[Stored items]
lemma abs_mean_dirichlet_kernel_le_square:
  fixes r :: "nat \<Rightarrow> real"
  assumes "0 < s" "s \<le> pi" "0 \<le> \<beta>" "\<And>k. 0 \<le> r k"
    and variation: "beta_variation \<beta> r n \<le> C * r n"
  shows "\<bar>\<Sum>k\<le>n. r k * dirichlet_kernel k s\<bar> \<le> 64 * (1 + C) * r n / s\<^sup>2"
proof -
  define w where "w k = (real k + 1) powr \<beta>" for k
  have sin_pos: "0 < sin (s/2)" and sin_ge: "s / 8 \<le> sin (s/2)"
    using sin_half_ge[of s] assms by auto
  have "0 \<le> (1 + C) * r n"
    using variation beta_variation_nonneg[of \<beta> r n] assms(4)[of n] by (simp add: algebra_simps)
  have "incseq w"
    unfolding w_def using \<open>0 \<le> \<beta>\<close> by (intro incseq_SucI powr_mono2) auto
  then have "\<bar>\<Sum>i\<le>k. w i * sin ((real i + 1/2) * s)\<bar> \<le> w k * (2 / sin (s/2))" for k
    using abs_sum_incseq_mult_le[of w, OF _ _ abs_sum_sin_le[OF sin_pos]]
    by (simp add: w_def ac_simps)
  moreover have "beta_variation \<beta> r n = (\<Sum>k<n. w k * \<bar>r k / w k - r (Suc k) / w (Suc k)\<bar>)"
    unfolding beta_variation_def w_def by (simp add: add_ac)
  ultimately have "\<bar>\<Sum>k\<le>n. r k * sin ((real k + 1/2) * s)\<bar> \<le>
      (r n + beta_variation \<beta> r n) * (2 / sin (s/2))"
    using assms(4) by (simp only:) (intro abs_sum_weighted_le, auto simp: w_def)
  also have "\<dots> \<le> (1 + C) * r n * (2 / sin (s/2))"
    using variation sin_pos by (intro mult_right_mono) (auto simp: algebra_simps)
  also have "(\<Sum>k\<le>n. r k * sin ((real k + 1/2) * s)) =
      2 * sin (s/2) * (\<Sum>k\<le>n. r k * dirichlet_kernel k s)"
    unfolding sum_distrib_left
    by (intro sum.cong refl) (metis sin_half_mult_dirichlet_kernel mult.left_commute)
  finally have "\<bar>\<Sum>k\<le>n. r k * dirichlet_kernel k s\<bar> \<le> (1 + C) * r n / (sin (s/2))\<^sup>2"
    using sin_pos by (simp add: abs_mult field_simps power2_eq_square)
  also have "\<dots> \<le> (1 + C) * r n / (s/8)\<^sup>2"
    using sin_ge \<open>0 < s\<close> \<open>0 \<le> (1 + C) * r n\<close> by (intro divide_left_mono power_mono) auto
  finally show ?thesis by (simp add: power2_eq_square mult_ac)
qed

section \<open>Integral representation of the matrix means\<close>

lemma continuous_on_dirichlet_kernel [continuous_intros]:
  "continuous_on S g \<Longrightarrow> continuous_on S (\<lambda>t. dirichlet_kernel k (g t))"
proof -
  have "continuous_on UNIV (dirichlet_kernel k)"
    unfolding dirichlet_kernel_def[abs_def] by (intro continuous_intros)
  then show "continuous_on S g \<Longrightarrow> continuous_on S (\<lambda>t. dirichlet_kernel k (g t))"
    by (rule continuous_on_compose2) auto
qed

lemma dirichlet_kernel_minus [simp]: "dirichlet_kernel k (- s) = dirichlet_kernel k s"
  by (simp add: dirichlet_kernel_def)

lemma dirichlet_kernel_periodic: "dirichlet_kernel k (s + 2 * pi) = dirichlet_kernel k s"
  using cos.plus_of_nat[of "real j * s" j for j]
  by (simp add: dirichlet_kernel_def distrib_left mult_ac)

lemma integral_dirichlet_kernel: "integral {-pi..pi} (dirichlet_kernel k) = pi"
proof -
  have "integral {-pi..pi} (\<lambda>s. cos (real j * s)) = 0" if "j \<in> {1..k}" for j
    using that integral_cos_nx[of "int j"] by (simp add: mult.commute)
  then show ?thesis
    by (simp add: dirichlet_kernel_def[abs_def] integral_add integral_sum integrable_sum
        integrable_continuous_real continuous_intros)
qed

lemma fourier_partial_sum_eq_integral:
  assumes "continuous_on {-pi..pi} f"
  shows "fourier_partial_sum f k x =
    1/pi * integral {-pi..pi} (\<lambda>t. f t * dirichlet_kernel k (t - x))"
proof -
  have "f t * dirichlet_kernel k (t - x) = f t / 2 +
      (\<Sum>j=1..k. cos (real j * x) * (f t * cos (real j * t)) +
        sin (real j * x) * (f t * sin (real j * t)))"
    for t
    by (simp add: dirichlet_kernel_def right_diff_distrib cos_diff distrib_left
        sum_distrib_left mult_ac)
  then have "integral {-pi..pi} (\<lambda>t. f t * dirichlet_kernel k (t - x)) = integral {-pi..pi} f / 2 +
      (\<Sum>j=1..k. cos (real j * x) * integral {-pi..pi} (\<lambda>t. f t * cos (real j * t))
        + sin (real j * x) * integral {-pi..pi} (\<lambda>t. f t * sin (real j * t)))"
    using assms
    by (simp add: integral_add integral_sum integrable_sum integrable_add integral_divide
        integrable_continuous_real continuous_intros)
  then show ?thesis
    by (simp add: fourier_partial_sum_def fourier_a_def fourier_b_def sum_distrib_left
        distrib_left mult_ac)
qed

lemma integral_periodic_shift:
  fixes h :: "real \<Rightarrow> 'a::banach"
  assumes cont: "continuous_on UNIV h" and periodic: "\<And>x. h (x + p) = h x" and "0 < p"
  shows "integral {a..a+p} (\<lambda>s. h (s + c)) = integral {a..a+p} h"
proof -
  interpret periodic_fun_simple h p
    by unfold_locales (rule periodic)
  (* Reduce c modulo p to d in [0, p]; the part of [a + d, a + p + d] beyond a + p is then
     moved back by one period. *)
  define d where "d = c - of_int \<lfloor>c / p\<rfloor> * p"
  have "of_int \<lfloor>c / p\<rfloor> * p \<le> c" "c < (of_int \<lfloor>c / p\<rfloor> + 1) * p"
    using floor_divide_lower floor_divide_upper \<open>0 < p\<close> by blast+
  then have d: "0 \<le> d" "d \<le> p" by (simp_all add: d_def algebra_simps)
  have "h (s + c) = h (s + d)" for s
    using plus_of_int[of "s + d" "\<lfloor>c / p\<rfloor>"] by (simp add: d_def)
  then have "integral {a..a+p} (\<lambda>s. h (s + c)) = integral {a+d..a+p+d} h"
    using integral_shift_real_ivl[of "a + d" d "a + p + d" h] by simp
  also have "\<dots> = integral {a+d..a+p} h + integral {a+p..a+p+d} h"
    using d
    by (intro Henstock_Kurzweil_Integration.integral_combine[symmetric]
        integrable_continuous_real continuous_on_subset[OF cont]) auto
  also have "integral {a+p..a+p+d} h = integral {a..a+d} h"
    using integral_shift_real_ivl[of "a + p" p "a + p + d" h] by (simp add: plus_period)
  also have "integral {a+d..a+p} h + integral {a..a+d} h = integral {a..a+p} h"
    using d
    by (subst add.commute, intro Henstock_Kurzweil_Integration.integral_combine
        integrable_continuous_real continuous_on_subset[OF cont]) auto
  finally show ?thesis .
qed

lemma integral_symmetric_fold:
  fixes g :: "real \<Rightarrow> 'a::banach"
  assumes "continuous_on {-a..a} g" "0 \<le> a"
  shows "integral {-a..a} g = integral {0..a} (\<lambda>s. g s + g (- s))"
proof -
  have "integral {-a..a} g = integral {-a..0} g + integral {0..a} g"
    using assms
    by (intro Henstock_Kurzweil_Integration.integral_combine[symmetric]
        integrable_continuous_real) auto
  also have "integral {-a..0} g = integral {0..a} (\<lambda>s. g (- s))"
    using Henstock_Kurzweil_Integration.integral_reflect_real[of a 0 "\<lambda>s. g (- s)"] by simp
  also have "integral {0..a} (\<lambda>s. g (- s)) + integral {0..a} g =
      integral {0..a} (\<lambda>s. g s + g (- s))"
    using assms
    by (subst integral_add) (auto intro!: integrable_continuous_real continuous_intros
        continuous_on_compose2[OF assms(1)] continuous_on_subset[OF assms(1)])
  finally show ?thesis .
qed

lemma fourier_partial_sum_minus_self:
  assumes cont: "continuous_on UNIV f" and periodic: "\<And>x. f (x + 2 * pi) = f x"
  shows "fourier_partial_sum f k x - f x =
    1/pi * integral {0..pi} (\<lambda>s. (f (x + s) + f (x - s) - 2 * f x) * dirichlet_kernel k s)"
proof -
  have cont_on: "continuous_on S (\<lambda>s. f (g s))" if "continuous_on S g" for S g
    using continuous_on_compose2[OF cont that] by simp
  have "f (t + 2 * pi) * dirichlet_kernel k (t + 2 * pi - x) = f t * dirichlet_kernel k (t - x)"
    for t
    using periodic dirichlet_kernel_periodic[of k "t - x"] by (simp add: algebra_simps)
  then have "integral {-pi..pi} (\<lambda>t. f t * dirichlet_kernel k (t - x)) =
      integral {-pi..pi} (\<lambda>s. f (x + s) * dirichlet_kernel k s)"
    using integral_periodic_shift[of "\<lambda>t. f t * dirichlet_kernel k (t - x)" "2 * pi" "-pi" x]
    by (simp add: add.commute cont_on continuous_intros)
  then have "fourier_partial_sum f k x - f x =
      1/pi * integral {-pi..pi} (\<lambda>s. (f (x + s) - f x) * dirichlet_kernel k s)"
    unfolding fourier_partial_sum_eq_integral[OF continuous_on_subset[OF cont subset_UNIV]]
    by (simp add: left_diff_distrib integral_diff right_diff_distrib integral_dirichlet_kernel
        integrable_continuous_real cont_on continuous_intros)
  also have "\<dots> = 1/pi * integral {0..pi}
      (\<lambda>s. (f (x + s) + f (x - s) - 2 * f x) * dirichlet_kernel k s)"
    by (subst integral_symmetric_fold) (auto intro!: cont_on continuous_intros simp: algebra_simps)
  finally show ?thesis .
qed

lemma matrix_mean_minus_self:
  assumes cont: "continuous_on UNIV f" and periodic: "\<And>x. f (x + 2 * pi) = f x"
    and rowsum: "(\<Sum>k\<le>n. a n k) = 1"
  shows "matrix_mean a f n x - f x = 1/pi * integral {0..pi}
    (\<lambda>s. (f (x + s) + f (x - s) - 2 * f x) * (\<Sum>k\<le>n. a n k * dirichlet_kernel k s))"
proof -
  have cont_on: "continuous_on S (\<lambda>s. f (g s))" if "continuous_on S g" for S g
    using continuous_on_compose2[OF cont that] by simp
  have "matrix_mean a f n x - f x = (\<Sum>k\<le>n. a n k * (fourier_partial_sum f k x - f x))"
    using rowsum by (simp add: matrix_mean_def atLeast0AtMost right_diff_distrib sum_subtractf
        flip: sum_distrib_right)
  also have "\<dots> = 1/pi * integral {0..pi}
      (\<lambda>s. \<Sum>k\<le>n. a n k * ((f (x + s) + f (x - s) - 2 * f x) * dirichlet_kernel k s))"
    by (simp add: fourier_partial_sum_minus_self[OF cont periodic] integral_sum sum_divide_distrib
        integrable_continuous_real cont_on continuous_intros)
  also have "\<dots> = 1/pi * integral {0..pi}
      (\<lambda>s. (f (x + s) + f (x - s) - 2 * f x) * (\<Sum>k\<le>n. a n k * dirichlet_kernel k s))"
    by (simp add: sum_distrib_left mult.left_commute)
  finally show ?thesis .
qed

section \<open>Modulus of continuity\<close>

lemma bounded_range_periodic:
  fixes f :: "real \<Rightarrow> 'a::metric_space"
  assumes cont: "continuous_on UNIV f" and periodic: "\<And>x. f (x + p) = f x" and "0 < p"
  shows "bounded (range f)"
proof -
  interpret periodic_fun_simple f p
    by unfold_locales (rule periodic)
  have "f x \<in> f ` {0..p}" for x
  proof
    define t where "t = x - of_int \<lfloor>x / p\<rfloor> * p"
    show "t \<in> {0..p}"
      using floor_divide_lower[of p x] floor_divide_upper[of p x] \<open>0 < p\<close>
      by (simp add: t_def algebra_simps)
    show "f x = f t"
      using plus_of_int[of t "\<lfloor>x / p\<rfloor>"] by (simp add: t_def)
  qed
  then have "range f \<subseteq> f ` {0..p}" by blast
  moreover have "bounded (f ` {0..p})"
    by (intro compact_imp_bounded compact_continuous_image continuous_on_subset[OF cont]) auto
  ultimately show ?thesis by (rule bounded_subset[rotated])
qed

lemma bdd_above_increments:
  fixes f :: "real \<Rightarrow> real"
  assumes "bounded (range f)"
  shows "bdd_above {\<bar>f (x + h) - f x\<bar> | x h. \<bar>h\<bar> \<le> \<delta>}"
proof -
  obtain B where B: "\<And>x. \<bar>f x\<bar> \<le> B"
    using assms by (auto simp: bounded_iff)
  have "\<bar>f (x + h) - f x\<bar> \<le> 2 * B" for x h
    using B[of "x + h"] B[of x] by linarith
  then show ?thesis by (intro bdd_aboveI[of _ "2 * B"]) auto
qed

lemma abs_diff_le_modulus_cont:
  fixes f :: "real \<Rightarrow> real"
  assumes "bounded (range f)" "\<bar>h\<bar> \<le> \<delta>"
  shows "\<bar>f (x + h) - f x\<bar> \<le> modulus_cont f \<delta>"
  unfolding modulus_cont_def using assms by (intro cSup_upper bdd_above_increments) auto

lemma modulus_cont_nonneg:
  fixes f :: "real \<Rightarrow> real"
  assumes "bounded (range f)" "0 \<le> \<delta>"
  shows "0 \<le> modulus_cont f \<delta>"
  using abs_diff_le_modulus_cont[of f 0 \<delta> 0] assms by simp

lemma mono_on_modulus_cont:
  fixes f :: "real \<Rightarrow> real"
  assumes "bounded (range f)"
  shows "mono_on {0..} (modulus_cont f)"
proof (rule mono_onI)
  fix \<delta>1 \<delta>2 :: real
  assume "\<delta>1 \<in> {0..}" "\<delta>1 \<le> \<delta>2"
  then have "\<bar>f (0 + 0) - f 0\<bar> \<in> {\<bar>f (x + h) - f x\<bar> | x h. \<bar>h\<bar> \<le> \<delta>1}"
    by (auto intro!: exI[of _ 0])
  then show "modulus_cont f \<delta>1 \<le> modulus_cont f \<delta>2"
    unfolding modulus_cont_def using \<open>\<delta>1 \<le> \<delta>2\<close>
    by (intro cSup_subset_mono bdd_above_increments assms) fastforce+
qed

lemma abs_second_difference_le_modulus_cont:
  fixes f :: "real \<Rightarrow> real"
  assumes "bounded (range f)" "0 \<le> s"
  shows "\<bar>f (x + s) + f (x - s) - 2 * f x\<bar> \<le> 2 * modulus_cont f s"
  using abs_diff_le_modulus_cont[OF assms(1), of s s x]
    abs_diff_le_modulus_cont[OF assms(1), of "-s" s x] assms(2)
  by simp

lemma integrable_mono_div_square:
  fixes g :: "real \<Rightarrow> real"
  assumes mono: "mono_on {u..v} g" and nonneg: "\<And>t. t \<in> {u..v} \<Longrightarrow> 0 \<le> g t" and "0 < u"
  shows "(\<lambda>t. g t / t\<^sup>2) integrable_on {u..v}"
proof -
  (* g t / t^2 is the difference of the monotone functions g t / u^2 and g t (1/u^2 - 1/t^2). *)
  have "mono_on {u..v} (\<lambda>t. g t / u\<^sup>2)"
    using mono by (auto intro!: mono_onI divide_right_mono dest: mono_onD)
  moreover have "mono_on {u..v} (\<lambda>t. g t * (1 / u\<^sup>2 - 1 / t\<^sup>2))"
  proof (rule mono_onI)
    fix r s assume rs: "r \<in> {u..v}" "s \<in> {u..v}" "r \<le> s"
    have "1 / s\<^sup>2 \<le> 1 / r\<^sup>2" "1 / r\<^sup>2 \<le> 1 / u\<^sup>2"
      using rs \<open>0 < u\<close> by (auto intro!: divide_left_mono power_mono mult_pos_pos)
    then show "g r * (1 / u\<^sup>2 - 1 / r\<^sup>2) \<le> g s * (1 / u\<^sup>2 - 1 / s\<^sup>2)"
      using rs nonneg mono_onD[OF mono] by (intro mult_mono) auto
  qed
  ultimately have "(\<lambda>t. g t / u\<^sup>2 - g t * (1 / u\<^sup>2 - 1 / t\<^sup>2)) integrable_on {u..v}"
    by (intro integrable_diff integrable_on_mono_on)
  then show ?thesis
    by (rule integrable_eq) (simp add: algebra_simps)
qed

### Work task
Copy out the lines of the data where the string "subst" occurs.

### Exercise solution
    by (subst add.commute, intro Henstock_Kurzweil_Integration.integral_combine
    by (subst integral_add) (auto intro!: integrable_continuous_real continuous_intros
    by (subst integral_symmetric_fold) (auto intro!: cont_on continuous_intros simp: algebra_simps)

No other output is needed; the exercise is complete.